**Recorded data**
==================================================

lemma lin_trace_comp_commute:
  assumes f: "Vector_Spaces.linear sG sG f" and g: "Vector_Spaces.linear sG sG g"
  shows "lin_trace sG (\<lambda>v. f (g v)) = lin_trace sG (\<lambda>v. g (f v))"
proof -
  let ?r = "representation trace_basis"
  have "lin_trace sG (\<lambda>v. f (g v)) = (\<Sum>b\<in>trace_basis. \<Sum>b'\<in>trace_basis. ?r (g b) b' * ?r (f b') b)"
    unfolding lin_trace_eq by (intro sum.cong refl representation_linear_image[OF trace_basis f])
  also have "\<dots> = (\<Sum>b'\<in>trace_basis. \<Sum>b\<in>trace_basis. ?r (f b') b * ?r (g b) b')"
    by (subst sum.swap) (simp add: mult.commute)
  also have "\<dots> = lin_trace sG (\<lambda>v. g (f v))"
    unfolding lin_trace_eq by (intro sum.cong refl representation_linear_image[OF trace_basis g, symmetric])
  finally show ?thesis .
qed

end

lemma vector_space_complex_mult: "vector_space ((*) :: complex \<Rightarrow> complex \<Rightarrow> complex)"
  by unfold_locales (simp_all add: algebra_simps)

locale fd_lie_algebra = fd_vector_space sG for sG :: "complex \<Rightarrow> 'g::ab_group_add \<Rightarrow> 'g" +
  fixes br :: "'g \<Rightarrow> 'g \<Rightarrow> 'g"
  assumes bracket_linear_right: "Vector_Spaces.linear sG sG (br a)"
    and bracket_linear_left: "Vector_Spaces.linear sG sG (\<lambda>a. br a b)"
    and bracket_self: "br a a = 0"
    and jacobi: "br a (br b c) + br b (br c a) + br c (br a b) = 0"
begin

==================================================

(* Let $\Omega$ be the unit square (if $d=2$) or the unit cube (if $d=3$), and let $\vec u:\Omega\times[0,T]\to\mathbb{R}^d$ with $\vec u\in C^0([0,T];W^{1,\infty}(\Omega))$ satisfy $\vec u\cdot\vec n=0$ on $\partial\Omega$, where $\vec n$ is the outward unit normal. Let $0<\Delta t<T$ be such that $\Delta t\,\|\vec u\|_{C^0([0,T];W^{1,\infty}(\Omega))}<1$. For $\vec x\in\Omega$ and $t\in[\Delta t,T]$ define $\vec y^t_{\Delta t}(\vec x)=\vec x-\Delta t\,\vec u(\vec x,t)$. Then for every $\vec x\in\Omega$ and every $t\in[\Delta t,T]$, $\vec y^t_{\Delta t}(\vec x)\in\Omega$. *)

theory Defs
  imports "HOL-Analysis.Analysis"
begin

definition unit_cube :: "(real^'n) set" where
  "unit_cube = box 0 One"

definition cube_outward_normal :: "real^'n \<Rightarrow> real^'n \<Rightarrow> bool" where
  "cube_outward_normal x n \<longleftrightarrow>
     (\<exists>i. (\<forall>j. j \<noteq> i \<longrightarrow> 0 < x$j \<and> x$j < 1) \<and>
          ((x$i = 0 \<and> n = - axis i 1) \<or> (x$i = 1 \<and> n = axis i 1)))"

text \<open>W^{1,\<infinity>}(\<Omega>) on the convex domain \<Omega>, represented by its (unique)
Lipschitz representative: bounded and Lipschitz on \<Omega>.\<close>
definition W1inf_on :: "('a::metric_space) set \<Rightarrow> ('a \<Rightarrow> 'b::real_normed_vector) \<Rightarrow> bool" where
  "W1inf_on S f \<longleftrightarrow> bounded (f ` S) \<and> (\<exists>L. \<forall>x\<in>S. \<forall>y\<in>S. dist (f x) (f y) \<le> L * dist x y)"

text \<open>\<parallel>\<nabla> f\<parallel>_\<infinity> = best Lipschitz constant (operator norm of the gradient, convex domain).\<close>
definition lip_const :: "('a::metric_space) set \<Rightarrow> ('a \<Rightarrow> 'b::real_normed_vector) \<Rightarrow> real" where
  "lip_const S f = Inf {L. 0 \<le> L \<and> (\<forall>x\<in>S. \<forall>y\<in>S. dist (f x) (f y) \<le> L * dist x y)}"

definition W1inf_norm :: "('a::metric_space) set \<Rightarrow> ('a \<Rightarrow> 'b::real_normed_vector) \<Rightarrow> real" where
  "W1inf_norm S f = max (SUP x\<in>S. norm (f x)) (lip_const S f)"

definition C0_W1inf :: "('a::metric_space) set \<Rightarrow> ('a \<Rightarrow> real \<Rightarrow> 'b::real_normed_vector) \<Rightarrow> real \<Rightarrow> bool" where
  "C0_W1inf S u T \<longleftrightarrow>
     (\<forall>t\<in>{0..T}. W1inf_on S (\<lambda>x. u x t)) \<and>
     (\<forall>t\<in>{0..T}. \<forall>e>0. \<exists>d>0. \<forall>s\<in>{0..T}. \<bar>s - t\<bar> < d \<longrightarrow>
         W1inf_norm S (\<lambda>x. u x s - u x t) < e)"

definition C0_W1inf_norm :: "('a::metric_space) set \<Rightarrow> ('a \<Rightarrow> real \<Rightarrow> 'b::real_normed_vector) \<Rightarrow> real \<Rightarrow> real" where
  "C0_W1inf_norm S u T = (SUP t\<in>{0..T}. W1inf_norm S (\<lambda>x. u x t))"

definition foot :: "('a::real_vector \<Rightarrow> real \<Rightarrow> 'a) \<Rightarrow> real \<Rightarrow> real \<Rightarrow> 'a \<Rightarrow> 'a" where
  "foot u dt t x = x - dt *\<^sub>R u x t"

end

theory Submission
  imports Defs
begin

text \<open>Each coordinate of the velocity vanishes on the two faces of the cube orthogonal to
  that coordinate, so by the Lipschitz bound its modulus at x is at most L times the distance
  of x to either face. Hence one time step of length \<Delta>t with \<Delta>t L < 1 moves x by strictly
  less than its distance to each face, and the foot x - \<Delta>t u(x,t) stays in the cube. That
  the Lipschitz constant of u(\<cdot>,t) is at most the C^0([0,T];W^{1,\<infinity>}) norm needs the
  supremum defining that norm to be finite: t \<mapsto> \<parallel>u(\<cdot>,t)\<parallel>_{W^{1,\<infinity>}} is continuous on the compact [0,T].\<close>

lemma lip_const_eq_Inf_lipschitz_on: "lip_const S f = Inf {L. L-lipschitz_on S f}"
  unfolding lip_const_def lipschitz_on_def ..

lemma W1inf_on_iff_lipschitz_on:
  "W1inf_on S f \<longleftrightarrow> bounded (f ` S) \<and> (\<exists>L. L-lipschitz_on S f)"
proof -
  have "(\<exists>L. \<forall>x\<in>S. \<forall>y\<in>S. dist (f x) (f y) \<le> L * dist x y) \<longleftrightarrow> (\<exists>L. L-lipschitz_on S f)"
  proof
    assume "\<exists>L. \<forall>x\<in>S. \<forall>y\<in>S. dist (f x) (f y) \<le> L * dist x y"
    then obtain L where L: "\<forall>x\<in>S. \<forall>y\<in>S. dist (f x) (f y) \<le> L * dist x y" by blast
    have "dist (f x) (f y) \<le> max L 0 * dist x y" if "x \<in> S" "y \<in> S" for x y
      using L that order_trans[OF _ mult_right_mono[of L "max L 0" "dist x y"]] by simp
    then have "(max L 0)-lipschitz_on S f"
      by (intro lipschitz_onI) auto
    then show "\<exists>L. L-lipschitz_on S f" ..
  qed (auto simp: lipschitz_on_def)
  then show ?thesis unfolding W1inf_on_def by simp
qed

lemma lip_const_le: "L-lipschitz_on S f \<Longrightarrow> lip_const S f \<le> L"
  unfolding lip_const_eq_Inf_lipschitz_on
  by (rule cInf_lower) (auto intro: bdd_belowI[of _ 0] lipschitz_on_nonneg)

==================================================

**Exercise description**
Scan the records for the string "auto" and report each line where it occurs.

**Your response**
      by (intro lipschitz_onI) auto
  qed (auto simp: lipschitz_on_def)
  by (rule cInf_lower) (auto intro: bdd_belowI[of _ 0] lipschitz_on_nonneg)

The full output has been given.